Şu anda makinanın desteğiyle soluyor. Bugün gün boyu ajite iken, akşamüzeri biraz rahatladı. Verdikleri yatıştırıcıyla oynadılar ve rahatlamış görünüyor.
Verdikleri sıvı, kortizon, albumin desteği ile damar içi "volume" un belli bir seviyede kalmasına çalışıyorlar. Yani sızıntıyı azaltmaya. Ama bir yandan yapmaları gereken vücuttaki fazla sıvıyı atma işinde geriden geliyorlar. Çünkü "lasix" tansiyon düşürücü etki yapıyor. Halbuki tansiyonu makinadaki basınç nedeniyle düşük, ve ilaçlarla yükseltiyorlar.
Umarım yukarıdaki paragraf doğrudur.
Anlayabildiğim kadarıyla basitçe böyle. Biraz daha detayı var. Ama birazını anladım. Anladıkça zor olduğunu , ince bir ayar gerektirdiğini de anladım. Bu noktaya gelmeden daha iyi manage edilseydi diye hayıflandım.
Ama yine önümüze bakacağız.
Yavaş yavaş. Anthony, paramedik, bugün yanımıza yeni bir hasta getirdi, nasıl diye baktı. "Baby steps" deyiverdi. Çok doğru.
Annem, herkesin merak ettiği üzere, bu kez (maşallah) hasta olmadan gelebiliyor. Nehir'i ilk gördüğünde şaşırdı, üzüldü ama biraz daha soğukkanlı artık. Tanseli Hanım uğradı. Hatta bugün taze hurma getirmiş, ilk kez yedim. Cengiz Amca geldi.
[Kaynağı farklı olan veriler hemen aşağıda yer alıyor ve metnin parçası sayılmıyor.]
lemma linear_decay_abs_bounds:
  fixes z :: "real \<Rightarrow> real"
  assumes deriv: "\<And>s. s \<in> {0..T} \<Longrightarrow>
      \<exists>\<rho>\<in>{\<alpha>..\<beta>}. (z has_real_derivative - \<rho> * z s) (at s within {0..T})"
    and t: "t \<in> {0..T}"
  shows "\<bar>z t\<bar> * exp (\<alpha> * t) \<le> \<bar>z 0\<bar>" and "\<bar>z 0\<bar> \<le> \<bar>z t\<bar> * exp (\<beta> * t)"
proof -
  define W where "W c s = (z s * exp (c * s))\<^sup>2" for c s
  have W_deriv: "\<exists>\<rho>\<in>{\<alpha>..\<beta>}. (W c has_real_derivative 2 * (c - \<rho>) * W c s) (at s within {0..t})"
    if s: "s \<in> {0..t}" for c s
  proof -
    obtain \<rho> where \<rho>: "\<rho> \<in> {\<alpha>..\<beta>}" and dz: "(z has_real_derivative - \<rho> * z s) (at s within {0..T})"
      using deriv[of s] s t by auto
    have "(z has_real_derivative - \<rho> * z s) (at s within {0..t})"
      using dz by (rule has_field_derivative_subset) (use t in auto)
    then show ?thesis
      unfolding W_def by (rule bexI[OF weighted_square_has_derivative \<rho>])
  qed
  have W_nonneg: "W c s \<ge> 0" for c s
    by (simp add: W_def)
  have "- W \<alpha> 0 \<le> - W \<alpha> t"
  proof (rule DERIV_nonneg_imp_nondecreasing_within[where f = "\<lambda>s. - W \<alpha> s"])
    fix s assume "s \<in> {0..t}"
    then obtain \<rho> where "\<rho> \<ge> \<alpha>"
        and "(W \<alpha> has_real_derivative 2 * (\<alpha> - \<rho>) * W \<alpha> s) (at s within {0..t})"
      using W_deriv[of s \<alpha>] by auto
    then show "\<exists>y\<ge>0. ((\<lambda>s. - W \<alpha> s) has_real_derivative y) (at s within {0..t})"
      by (intro exI[of _ "- (2 * (\<alpha> - \<rho>) * W \<alpha> s)"])
        (use W_nonneg[of \<alpha> s] in \<open>auto intro: DERIV_minus mult_nonpos_nonneg\<close>)
  qed (use t in auto)
  then show "\<bar>z t\<bar> * exp (\<alpha> * t) \<le> \<bar>z 0\<bar>"
    by (simp add: W_def abs_le_square_iff abs_mult flip: abs_le_square_iff)
  have "W \<beta> 0 \<le> W \<beta> t"
  proof (rule DERIV_nonneg_imp_nondecreasing_within[where f = "W \<beta>"])
    fix s assume "s \<in> {0..t}"
    then obtain \<rho> where "\<rho> \<le> \<beta>"
        and "(W \<beta> has_real_derivative 2 * (\<beta> - \<rho>) * W \<beta> s) (at s within {0..t})"
      using W_deriv[of s \<beta>] by auto
    then show "\<exists>y\<ge>0. (W \<beta> has_real_derivative y) (at s within {0..t})"
      using W_nonneg[of \<beta> s] by (intro exI[of _ "2 * (\<beta> - \<rho>) * W \<beta> s"]) auto
  qed (use t in auto)
  then show "\<bar>z 0\<bar> \<le> \<bar>z t\<bar> * exp (\<beta> * t)"
    by (simp add: W_def abs_le_square_iff abs_mult flip: abs_le_square_iff)
qed

lemma linear_decay_in_closed_segment:
  fixes z :: "real \<Rightarrow> real"
  assumes deriv: "\<And>s. s \<in> {0..T} \<Longrightarrow>
      \<exists>\<rho>\<in>{\<alpha>..\<beta>}. (z has_real_derivative - \<rho> * z s) (at s within {0..T})"
    and t: "t \<in> {0..T}"
  shows "z t \<in> closed_segment (z 0 * exp (- \<beta> * t)) (z 0 * exp (- \<alpha> * t))"
proof -
  have same_sign: "z t * z 0 \<ge> 0"
  proof (cases "z 0 = 0")
    case False
    then have "z s \<noteq> 0" if "s \<in> {0..t}" for s
      using linear_decay_abs_bounds(2)[OF deriv, of s] that t by auto
    moreover have "continuous_on {0..T} z"
      unfolding continuous_on_eq_continuous_within using deriv by (metis DERIV_continuous)
    then have "continuous_on {0..t} z"
      by (rule continuous_on_subset) (use t in auto)
    ultimately show ?thesis
      using continuous_nonvanishing_same_sign[of 0 t z] t by auto
  qed simp
  then show ?thesis
    using linear_decay_abs_bounds[OF deriv t]
    by (intro mem_closed_segment_if_abs_bounds) (auto simp: exp_minus field_simps)
qed

section \<open>Logistic equations with bounded per-capita rate\<close>

lemma closed_segment_scaled_subset:
  fixes c a b :: real
  assumes "0 \<le> a" "a \<le> 1" "0 \<le> b" "b \<le> 1"
  shows "closed_segment (c * a) (c * b) \<subseteq> closed_segment 0 c"
  using assms unfolding subset_closed_segment in_segment by (auto simp: mult.commute)

lemma mem_closed_segment_if_reciprocal_mem:
  fixes x a b K :: real
  assumes "0 < a" "0 < b" "0 < x" "1 / x - 1 / K \<in> closed_segment (1 / a - 1 / K) (1 / b - 1 / K)"
  shows "x \<in> closed_segment a b"
proof -
  have "1 / x \<in> closed_segment (1 / a) (1 / b)"
    using assms(4) by (auto simp: closed_segment_eq_real_ivl split: if_splits)
  then show ?thesis
    using assms(1-3)
    by (auto simp: closed_segment_eq_real_ivl split: if_splits simp flip: inverse_eq_divide)
qed

(* The per-capita rate is only required where u > 0: for the total population it is
   (sum_j r_j v_j) / N. *)
locale bounded_rate_logistic =
  fixes K \<alpha> \<beta> :: real and u D :: "real \<Rightarrow> real"
  assumes K_pos: "K > 0" and \<alpha>_nonneg: "0 \<le> \<alpha>" and u0_pos: "u 0 > 0"
    and deriv: "\<And>t. t \<ge> 0 \<Longrightarrow> (u has_real_derivative D t) (at t within {0..})"
    and rate: "\<And>t. t \<ge> 0 \<Longrightarrow> u t > 0 \<Longrightarrow> \<exists>\<rho>\<in>{\<alpha>..\<beta>}. D t = \<rho> * u t * (1 - u t / K)"
begin

lemma \<alpha>_le_\<beta>: "\<alpha> \<le> \<beta>"
  using rate[of 0] u0_pos by auto

lemma reciprocal_gap_in_closed_segment_local:
  assumes pos: "\<And>s. s \<in> {0..T} \<Longrightarrow> u s > 0" and t: "t \<in> {0..T}"
  shows "1 / u t - 1 / K \<in>
    closed_segment ((1 / u 0 - 1 / K) * exp (- \<beta> * t)) ((1 / u 0 - 1 / K) * exp (- \<alpha> * t))"
proof (rule linear_decay_in_closed_segment[OF _ t, where z = "\<lambda>s. 1 / u s - 1 / K"])
  fix s :: real assume s: "s \<in> {0..T}"
  obtain \<rho> where "\<rho> \<in> {\<alpha>..\<beta>}" and D: "D s = \<rho> * u s * (1 - u s / K)"
    using rate[of s] pos[OF s] s by auto
  have "((\<lambda>s. 1 / u s - 1 / K) has_real_derivative - (D s / u s ^ 2)) (at s within {0..T})"
    using deriv[of s] pos[OF s] s
    by (auto intro!: derivative_eq_intros intro: has_field_derivative_subset simp: power2_eq_square)
  moreover have "- (D s / u s ^ 2) = - \<rho> * (1 / u s - 1 / K)"
    using pos[OF s] K_pos unfolding D by (simp add: field_simps power2_eq_square)
  ultimately show "\<exists>\<rho>\<in>{\<alpha>..\<beta>}. ((\<lambda>s. 1 / u s - 1 / K) has_real_derivative - \<rho> * (1 / u s - 1 / K))
      (at s within {0..T})"
    using \<open>\<rho> \<in> {\<alpha>..\<beta>}\<close> by auto
qed

lemma u_in_closed_segment_local:
  assumes pos: "\<And>s. s \<in> {0..T} \<Longrightarrow> u s > 0" and t: "t \<in> {0..T}"
  shows "u t \<in> closed_segment K (u 0)"
proof (rule mem_closed_segment_if_reciprocal_mem[OF K_pos u0_pos pos[OF t]])
  have "closed_segment ((1 / u 0 - 1 / K) * exp (- \<beta> * t)) ((1 / u 0 - 1 / K) * exp (- \<alpha> * t))
      \<subseteq> closed_segment 0 (1 / u 0 - 1 / K)"
    using \<alpha>_nonneg \<alpha>_le_\<beta> t by (intro closed_segment_scaled_subset) auto
  with reciprocal_gap_in_closed_segment_local[OF pos t]
  show "1 / u t - 1 / K \<in> closed_segment (1 / K - 1 / K) (1 / u 0 - 1 / K)"
    by auto
qed

(* While u stays positive it stays above m = min K (u 0), so it can never reach m / 2. *)
lemma u_pos:
  assumes "t \<ge> 0"
  shows "u t > 0"
proof (rule ccontr)
  assume "\<not> u t > 0"
  define m where "m = min K (u 0)"
  have "m > 0"
    using K_pos u0_pos by (simp add: m_def)
  have "continuous_on {0..} u"
    by (rule DERIV_continuous_on[where D = D]) (simp add: deriv)
  then have "continuous_on {0..t} (\<lambda>s. u s - m / 2)"
    by (intro continuous_on_diff continuous_on_const) (auto elim: continuous_on_subset)
  moreover have "u 0 - m / 2 > 0" "u t - m / 2 \<le> 0"
    using \<open>m > 0\<close> \<open>\<not> u t > 0\<close> by (auto simp: m_def)
  ultimately obtain s where s: "s \<in> {0<..t}" "u s - m / 2 = 0"
      and before: "\<And>y. y \<in> {0..<s} \<Longrightarrow> u y - m / 2 > 0"
    using first_zero[of t "\<lambda>s. u s - m / 2" t] assms by auto
  have "u y > 0" if "y \<in> {0..s}" for y
    using before[of y] s \<open>m > 0\<close> that by (cases "y = s") auto
  then have "u s \<in> closed_segment K (u 0)"
    using s(1) by (intro u_in_closed_segment_local) auto
  with s(2) \<open>m > 0\<close> show False
    by (auto simp: m_def closed_segment_eq_real_ivl split: if_splits)
qed

lemma u_in_closed_segment:
  assumes "t \<ge> 0"
  shows "u t \<in> closed_segment K (u 0)"
  using u_pos assms by (intro u_in_closed_segment_local[of t]) auto

lemma reciprocal_gap_in_closed_segment:
  assumes "t \<ge> 0"
  shows "1 / u t - 1 / K \<in>
    closed_segment ((1 / u 0 - 1 / K) * exp (- \<beta> * t)) ((1 / u 0 - 1 / K) * exp (- \<alpha> * t))"
  using u_pos assms by (intro reciprocal_gap_in_closed_segment_local[of t]) auto

lemma exp_convergence: "\<exists>C>0. \<forall>t\<ge>0. \<bar>u t - K\<bar> \<le> C * exp (- \<alpha> * t)"
proof -
  define c where "c = 1 / u 0 - 1 / K"
  have bound: "\<bar>u t - K\<bar> \<le> K * max K (u 0) * \<bar>c\<bar> * exp (- \<alpha> * t)" if t: "t \<ge> 0" for t
  proof -
    have u_pos: "0 < u t" and u_le: "u t \<le> max K (u 0)"
      using u_in_closed_segment[OF t] K_pos u0_pos
      by (auto simp: closed_segment_eq_real_ivl split: if_splits)
    have "\<bar>c * exp (- \<beta> * t)\<bar> \<le> \<bar>c * exp (- \<alpha> * t)\<bar>"
      using \<alpha>_le_\<beta> t by (simp add: abs_mult mult_left_mono mult_right_mono)
    with reciprocal_gap_in_closed_segment[OF t] have "\<bar>1 / u t - 1 / K\<bar> \<le> \<bar>c * exp (- \<alpha> * t)\<bar>"
      unfolding closed_segment_eq_real_ivl c_def by (auto split: if_splits)
    then have gap_bound: "\<bar>1 / u t - 1 / K\<bar> \<le> \<bar>c\<bar> * exp (- \<alpha> * t)"
      by (simp add: abs_mult)
    have "\<bar>u t - K\<bar> = K * u t * \<bar>1 / u t - 1 / K\<bar>"
      using K_pos u_pos by (simp add: field_simps abs_mult flip: abs_minus_commute)
    also have "\<dots> \<le> K * max K (u 0) * (\<bar>c\<bar> * exp (- \<alpha> * t))"
      using K_pos u_pos u_le gap_bound by (intro mult_mono) auto
    finally show ?thesis
      by (simp add: mult.assoc)
  qed
  show ?thesis
  proof (intro exI conjI allI impI)
    show "K * max K (u 0) * \<bar>c\<bar> + 1 > 0"
      using K_pos by (simp add: add_nonneg_pos)
    fix t :: real assume "t \<ge> 0"
    then show "\<bar>u t - K\<bar> \<le> (K * max K (u 0) * \<bar>c\<bar> + 1) * exp (- \<alpha> * t)"
      using bound[of t] by (smt (verit) exp_gt_zero mult_right_mono)
  qed
qed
Hilal'cim de, nereden nereye, sevgili ilkokul arkadaşım, İstanbul'da görüşememişken bugün RMH'ye kızlar için paket bırakmış. Nehir'i bekleyen pembe mi pembe, eteği ise alttan tütü destekli (doğru tabir nedir bilemedim), kabarık bir elbise var. Bugün söyledim Nehir'e, çorapla giyebileceğini ekledim.
Leyla bugün Cengiz Amca'lara gitti. Burada iken, onu gördüm göremedim dert ediyorum, hastaneye de gelsin istemedik, makinayken Nehir, hem de artık kamp bitti... Biraz şehir dışında ve ev ortamında olması iyi gelecek ona da eminim.
Minik pandanın (valla ben de Yeşim gibi önce koala sandıydım : ))) kurdelasına Nehir bayılacak! Nehir'i düşünen herkesi seviyorum!
sayfanız böyle bir hoş olmuş, umut,şevk,yenilenme,silkelenme hissi vaad eder gibi..ne güzel!!inşallah nehircikte yavaşta olsa(ki onun bu azmine hayran olmamak imkansız)düzelecek..dualarımız her daim sizinle zeynep hanım..
ReplyDeleteBizde sizi seviyoruz, her sey daha iyi olacak.
ReplyDeleteHer gün sabah ilk iş ve gün içerisinde sık sık bakıyorum blogunuza....Dualarım sizinle. Minik Nehir'i çok seviyor ve ona güç, kuvvet diliyorum. Allah O'nu size ve tüm sevdiklerine bağışlasın.
ReplyDeletecanım nehirciğimmmmm ve fedakar annesi ha gayret diyorum kucaklarımı öpücüklerimi sevgilerimi ve güzel enerjilerimi gönderiyorum...keşke imkanım olsa yanınızda olabilsem ama heran sayfaMızda sizinleyim...daima yüreğim new york da acil şifalar diliyorum.....:)))
ReplyDeleteAcaba "bunda da vardır bir hayır" diye düşünecek taraf var mı, bilemedim.
ReplyDeleteTüm gücümüz, tüm iyi niyetlerimiz, dileklerimiz Nehir için.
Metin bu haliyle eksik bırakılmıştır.